Dear children,
I know how much I love you. I know that I will sacrifice my life for your happiness, my ambitions for your wellbeing, and my dreams for your comfort in a heartbeat. I (try very hard to) live selflessly day in and day out, and I really don’t mind the hard work with minimal thank you’s, a whole lot of sloppy kisses, or cheeky grins. I really don’t, because I love you, just like all mothers naturally do. I know that I was born to be your mother, but I can’t seem to shake off the nagging feeling that keeps gnawing at my heart that maybe, just maybe, I was made for something more.
When I gave birth to you, every time one of you came out of me, I was determined to abandon everything I had going on in my life to tend to you 24/7. But then a week later, I couldn’t wait to go back to work. And every time, I questioned myself: Am I weird for feeling like I belong in the marketplace, to work, to have a purpose outside of our home? Does this make me a bad mother?
I hated myself for saying it at first, that being a mom simply just wasn’t enough for me. I love you and I really enjoy being with you, but there’s something more that I wanted to chase. Like the strength I feel at every creative brief meeting, the triumph I feel for a well-executed communications strategy and well-formulated key messages, or the satisfaction I get from a well-written article that not only brought website traffic but also stirred emotions and at best, brought impact.
I’ve come to understand that the need I felt to create, to be successful outside of the home, and to contribute to our family’s economy cannot be suppressed or guilted away for it makes me who I am. I admire the women who had the courage to leave the life they knew the moment they became a mother to completely take on their new role, but I have accepted that I may never be able to do it. I surrendered, for a period of time, to self-induced guilt after every failed attempt. Then I reminded myself that we are all created uniquely to fill a purpose, made especially for us, and I focussed on finding that work/life balance and the notion that “we can really have it all”.
This is what I believed: that by fulfilling that desire to achieve more, I am setting a fine example for you. I believe that my daughter will learn to think of a future filled with possibilities and my sons will learn to appreciate a woman’s worth far more than her natural capabilities of childbearing and child-rearing, but for achievements that are beneficial for your generation. By leaving you to build a business, I am giving you an opportunity to be independent, while showing you, first hand, how to manage your time properly. And, contrary to most beliefs out there, I am raising emotionally strong children who can appreciate the value of teamwork in a marriage and in a family.
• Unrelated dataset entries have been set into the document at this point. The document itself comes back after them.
(* Let $I$ be a finite tree and $\Gamma\in\mathrm{Quiv}(I)$ any orientation. Then (a) the automorphism group $\mathrm{Aut}_{R_0(I)}(\Gamma)$ is cyclic, and (b) the automorphism group $\mathrm{Aut}_{R(I)}(\Gamma)$ is generated by two involutions.
   Context: Let $I$ be a finite tree (connected, acyclic finite graph). $\mathrm{Quiv}(I)$ is the set of orientations of $I$. For $\Gamma\in\mathrm{Quiv}(I)$ and a vertex $i$ that is a source or sink of $\Gamma$, $s_i\Gamma$ is the orientation obtained by reversing all arrows at $i$; $\Gamma^{\mathrm{op}}$ is obtained by reversing all arrows. The groupoid $R_0(I)$ has object set $\mathrm{Quiv}(I)$ and is generated by elementary isomorphisms $\Sigma_i:\Gamma\to s_i\Gamma$ (one for each $\Gamma$ and each source or sink $i$ of $\Gamma$), subject to the relations (whenever both sides are defined): (R1) $\Sigma_i^2=1$; (R2) $\Sigma_i\Sigma_j=\Sigma_j\Sigma_i$ whenever $i,j$ are not adjacent in $I$. The groupoid $R(I)$ has the same objects and is generated by the $\Sigma_i$ together with elementary isomorphisms $D:\Gamma\to\Gamma^{\mathrm{op}}$ for all $\Gamma$, subject to (R1), (R2) and (R3) $D^2=1$, (R4) $D\Sigma_i=\Sigma_iD$ for all $i$ (whenever defined). *)

theory Defs
  imports "HOL-Algebra.Elementary_Groups"
begin

definition is_graph :: "'v set \<Rightarrow> ('v \<times> 'v) set \<Rightarrow> bool" where
  "is_graph V E \<longleftrightarrow> E \<subseteq> V \<times> V \<and> sym E \<and> irrefl E"

definition has_cycle :: "'v set \<Rightarrow> ('v \<times> 'v) set \<Rightarrow> bool" where
  "has_cycle V E \<longleftrightarrow> (\<exists>xs. length xs \<ge> 3 \<and> distinct xs \<and> set xs \<subseteq> V \<and>
      (\<forall>k. Suc k < length xs \<longrightarrow> (xs ! k, xs ! Suc k) \<in> E) \<and>
      (last xs, hd xs) \<in> E)"

definition is_finite_tree :: "'v set \<Rightarrow> ('v \<times> 'v) set \<Rightarrow> bool" where
  "is_finite_tree V E \<longleftrightarrow> finite V \<and> V \<noteq> {} \<and> is_graph V E \<and>
      (\<forall>x\<in>V. \<forall>y\<in>V. (x, y) \<in> E\<^sup>*) \<and> \<not> has_cycle V E"

text \<open>An orientation is a set of arrows (a,b) meaning a \<rightarrow> b; every edge carries exactly one arrow.\<close>
definition Quiv :: "'v set \<Rightarrow> ('v \<times> 'v) set \<Rightarrow> ('v \<times> 'v) set set" where
  "Quiv V E = {Q. Q \<subseteq> E \<and> (\<forall>(a, b)\<in>E. (a, b) \<in> Q \<longleftrightarrow> (b, a) \<notin> Q)}"

definition is_source :: "('v \<times> 'v) set \<Rightarrow> 'v \<Rightarrow> bool" where
  "is_source Q i \<longleftrightarrow> (\<forall>j. (j, i) \<notin> Q)"

definition is_sink :: "('v \<times> 'v) set \<Rightarrow> 'v \<Rightarrow> bool" where
  "is_sink Q i \<longleftrightarrow> (\<forall>j. (i, j) \<notin> Q)"

definition refl_at :: "'v \<Rightarrow> ('v \<times> 'v) set \<Rightarrow> ('v \<times> 'v) set" where
  "refl_at i Q = {(a, b) \<in> Q. a \<noteq> i \<and> b \<noteq> i} \<union> {(b, a) | a b. (a, b) \<in> Q \<and> (a = i \<or> b = i)}"

text \<open>Generators: Sig i (the elementary isomorphisms Sigma_i) and Dl (the isomorphisms D).\<close>
datatype 'v gen = Sig 'v | Dl

fun gen_step :: "'v set \<Rightarrow> ('v \<times> 'v) set \<Rightarrow> 'v gen \<Rightarrow> ('v \<times> 'v) set option" where
  "gen_step V Q (Sig i) =
     (if i \<in> V \<and> (is_source Q i \<or> is_sink Q i) then Some (refl_at i Q) else None)"
| "gen_step V Q Dl = Some (converse Q)"

text \<open>A word is a composable path of generators, read left to right (first letter applied first).
  walk V Q w is the target object, or None if the path is not composable.\<close>
fun walk :: "'v set \<Rightarrow> ('v \<times> 'v) set \<Rightarrow> 'v gen list \<Rightarrow> ('v \<times> 'v) set option" where
  "walk V Q [] = Some Q"
| "walk V Q (g # w) = (case gen_step V Q g of None \<Rightarrow> None | Some Q' \<Rightarrow> walk V Q' w)"

text \<open>Defining relations, as pairs of (paths of) words; withD selects R(I) rather than R_0(I).
  (R1) Sigma_i Sigma_i = 1, (R2) Sigma_i Sigma_j = Sigma_j Sigma_i for non-adjacent i, j,
  (R3) D D = 1, (R4) D Sigma_i = Sigma_i D.\<close>
inductive basic_rel :: "bool \<Rightarrow> ('v \<times> 'v) set \<Rightarrow> 'v gen list \<Rightarrow> 'v gen list \<Rightarrow> bool"
  for withD :: bool and E :: "('v \<times> 'v) set" where
  R1: "basic_rel withD E [Sig i, Sig i] []"
| R2: "(i, j) \<notin> E \<Longrightarrow> basic_rel withD E [Sig i, Sig j] [Sig j, Sig i]"
| R3: "withD \<Longrightarrow> basic_rel withD E [Dl, Dl] []"
| R4: "withD \<Longrightarrow> basic_rel withD E [Dl, Sig i] [Sig i, Dl]"

definition allowed :: "bool \<Rightarrow> 'v gen \<Rightarrow> bool" where
  "allowed withD g \<longleftrightarrow> withD \<or> g \<noteq> Dl"

definition rstep :: "bool \<Rightarrow> 'v set \<Rightarrow> ('v \<times> 'v) set \<Rightarrow> ('v \<times> 'v) set
                       \<Rightarrow> 'v gen list \<Rightarrow> 'v gen list \<Rightarrow> bool" where
  "rstep withD V E Q w w' \<longleftrightarrow>
     (\<exists>p u v s. w = p @ u @ s \<and> w' = p @ v @ s \<and> basic_rel withD E u v) \<and>
     walk V Q w \<noteq> None \<and> walk V Q w' \<noteq> None \<and>
     (\<forall>g\<in>set w. allowed withD g) \<and> (\<forall>g\<in>set w'. allowed withD g)"

text \<open>Morphisms equal in the presented groupoid: the congruence generated by the relations.\<close>
definition word_eq :: "bool \<Rightarrow> 'v set \<Rightarrow> ('v \<times> 'v) set \<Rightarrow> ('v \<times> 'v) set
                       \<Rightarrow> 'v gen list \<Rightarrow> 'v gen list \<Rightarrow> bool" where
  "word_eq withD V E Q = equivclp (rstep withD V E Q)"

definition loops :: "bool \<Rightarrow> 'v set \<Rightarrow> ('v \<times> 'v) set \<Rightarrow> 'v gen list set" where
  "loops withD V Q = {w. walk V Q w = Some Q \<and> (\<forall>g\<in>set w. allowed withD g)}"

definition loop_class :: "bool \<Rightarrow> 'v set \<Rightarrow> ('v \<times> 'v) set \<Rightarrow> ('v \<times> 'v) set
                          \<Rightarrow> 'v gen list \<Rightarrow> 'v gen list set" where
  "loop_class withD V E Q w = {w' \<in> loops withD V Q. word_eq withD V E Q w w'}"

definition Aut_grp :: "bool \<Rightarrow> 'v set \<Rightarrow> ('v \<times> 'v) set \<Rightarrow> ('v \<times> 'v) set
                       \<Rightarrow> 'v gen list set monoid" where
  "Aut_grp withD V E Q =
     \<lparr> carrier = loop_class withD V E Q ` loops withD V Q,
       monoid.mult = (\<lambda>A B. \<Union>a\<in>A. \<Union>b\<in>B. loop_class withD V E Q (a @ b)),
       one = loop_class withD V E Q [] \<rparr>"

abbreviation Aut_R0 :: "'v set \<Rightarrow> ('v \<times> 'v) set \<Rightarrow> ('v \<times> 'v) set \<Rightarrow> 'v gen list set monoid" where
  "Aut_R0 \<equiv> Aut_grp False"

abbreviation Aut_R :: "'v set \<Rightarrow> ('v \<times> 'v) set \<Rightarrow> ('v \<times> 'v) set \<Rightarrow> 'v gen list set monoid" where
  "Aut_R \<equiv> Aut_grp True"

definition is_involution :: "('a, 'b) monoid_scheme \<Rightarrow> 'a \<Rightarrow> bool" where
  "is_involution G x \<longleftrightarrow> x \<in> carrier G \<and> x \<otimes>\<^bsub>G\<^esub> x = \<one>\<^bsub>G\<^esub> \<and> x \<noteq> \<one>\<^bsub>G\<^esub>"

end

theory Submission
  imports Defs
begin

text \<open>
  Using only the relations, every composable word of reflections can be rewritten as D U with
  D source-adapted and U sink-adapted (each letter a source, resp. a sink, when it is applied),
  and two sink-adapted words from the same orientation are equal as soon as every vertex occurs
  equally often in both. A sink-adapted word reverses an arrow exactly when its head has been
  reflected once more than its tail. For a loop at \<Gamma>, the words U and rev D are sink-adapted
  and lead from the same orientation to \<Gamma>, so on the connected tree their occurrence counts
  differ by a constant k. Hence the loop equals c^k or c^(-k), where the Coxeter word c
  reflects every vertex once, and Aut_R0(\<Gamma>) is generated by [c].

  In R(I), D commutes with every reflection and D D = 1, so every loop is a loop of reflections
  or D followed by a path of reflections from \<Gamma>^op to \<Gamma>. A height function on the tree
  yields a sink-adapted such path p. Then a = [D p] and b = [D p c] are involutions:
  (D t)(D t) = t t = t (rev t) = 1 because t and rev t are sink-adapted from \<Gamma>^op with the
  same counts, while the parity of D shows a, b \<noteq> 1. Finally a^(-1) b = [c] and
  [D s] = a [rev p s], so a and b generate Aut_R(\<Gamma>).
\<close>

section \<open>Reflections and walks\<close>

lemma refl_at_refl_at [simp]: "refl_at i (refl_at i Q) = Q"
  unfolding refl_at_def by auto

lemma converse_refl_at: "converse (refl_at i Q) = refl_at i (converse Q)"
  unfolding refl_at_def by auto

lemma is_sink_converse [simp]: "is_sink (converse Q) i \<longleftrightarrow> is_source Q i"
  unfolding is_sink_def is_source_def by auto

lemma is_source_converse [simp]: "is_source (converse Q) i \<longleftrightarrow> is_sink Q i"
  unfolding is_sink_def is_source_def by auto

lemma is_source_refl_at [simp]: "is_source (refl_at i Q) i \<longleftrightarrow> is_sink Q i"
  unfolding refl_at_def is_sink_def is_source_def by auto

lemma is_sink_refl_at [simp]: "is_sink (refl_at i Q) i \<longleftrightarrow> is_source Q i"
  unfolding refl_at_def is_sink_def is_source_def by auto

lemma refl_at_commute:
  assumes "(i, j) \<notin> Q" "(j, i) \<notin> Q"
  shows "refl_at i (refl_at j Q) = refl_at j (refl_at i Q)"
  using assms unfolding refl_at_def by auto

lemma
  assumes "a \<noteq> i" "(a, i) \<notin> Q" "(i, a) \<notin> Q"
  shows is_sink_refl_at_other: "is_sink (refl_at a Q) i \<longleftrightarrow> is_sink Q i"
    and is_source_refl_at_other: "is_source (refl_at a Q) i \<longleftrightarrow> is_source Q i"
  using assms unfolding refl_at_def is_sink_def is_source_def by auto

lemma walk_append:
  "walk V Q (u @ v) = (case walk V Q u of None \<Rightarrow> None | Some Q' \<Rightarrow> walk V Q' v)"
  by (induction u arbitrary: Q) (auto split: option.splits)

lemma gen_step_inverse:
  assumes "gen_step V Q g = Some Q'"
  shows "gen_step V Q' g = Some Q"
proof (cases g)
  case (Sig i)
  with assms have "i \<in> V" "is_source Q i \<or> is_sink Q i" "Q' = refl_at i Q"
    by (simp_all split: if_splits)
  with Sig show ?thesis by auto
qed (use assms in auto)

lemma walk_rev: "walk V Q w = Some Q' \<Longrightarrow> walk V Q' (rev w) = Some Q"
proof (induction w arbitrary: Q)
  case (Cons g w)
  then obtain Q1 where "gen_step V Q g = Some Q1" "walk V Q1 w = Some Q'"
    by (auto split: option.splits)
  with Cons.IH gen_step_inverse[of V Q g Q1] show ?case by (simp add: walk_append)
qed simp

lemma gen_step_converse: "gen_step V (converse Q) g = map_option converse (gen_step V Q g)"
  by (cases g) (auto simp: converse_refl_at)

lemma walk_converse: "walk V (converse Q) w = map_option converse (walk V Q w)"
  by (induction w arbitrary: Q) (auto simp: gen_step_converse split: option.splits)

lemma walk_Dl_Sig_commute: "walk V Q (Dl # Sig i # s) = walk V Q (Sig i # Dl # s)"
  using gen_step_converse[of V Q "Sig i"] by (auto split: option.splits)

lemma walk_Dl_commute: "walk V Q (t @ Dl # r) = walk V Q (Dl # t @ r)"
  using walk_converse[of V Q t] by (auto simp: walk_append walk_converse split: option.splits)

section \<open>Equality of words\<close>

lemma equivclp_invariant:
  assumes "equivclp r x y" "\<And>a b. r a b \<Longrightarrow> f a = f b"
  shows "f x = f y"
  using assms(1) by induction (auto dest: assms(2))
I know that I sound like I’m trying to convince myself here. I’m not going to lie to you, it does feel that way sometimes, but my children, the world is changing so rapidly and I’m grateful that the rules of working aren’t as rigid as it used to be since many have addressed that push-and-pull sensation in our hearts as we leave our children at home or at daycare to go to work. I pray that as you build your family later on and find yourselves in the workplace, you may cross paths with generous companies who understand the importance of your presence in your children’s lives and to contribute to the workplace at the same time. Or better yet, I hope that you will build a workplace for yourself and for other people like you, to achieve this balance together. But in any way, when you find yourself guilted into choosing just one – work or family – I pray that you won’t have to. We are each created uniquely, with an innate desire that only we can understand. So, answer your call – even if it involves leaving your children for a few hours every day. Use your talents. Share your gift. Let go of that guilt for wanting something more.
Your children’s happiness begins with your happiness. And yours begin with mine. So I hope that you will understand as I click away on my laptop with headphones in my ears, I am pressing forward to answer a call and that I look forward to shutting down my computer to wrap myself in your tight hugs soon.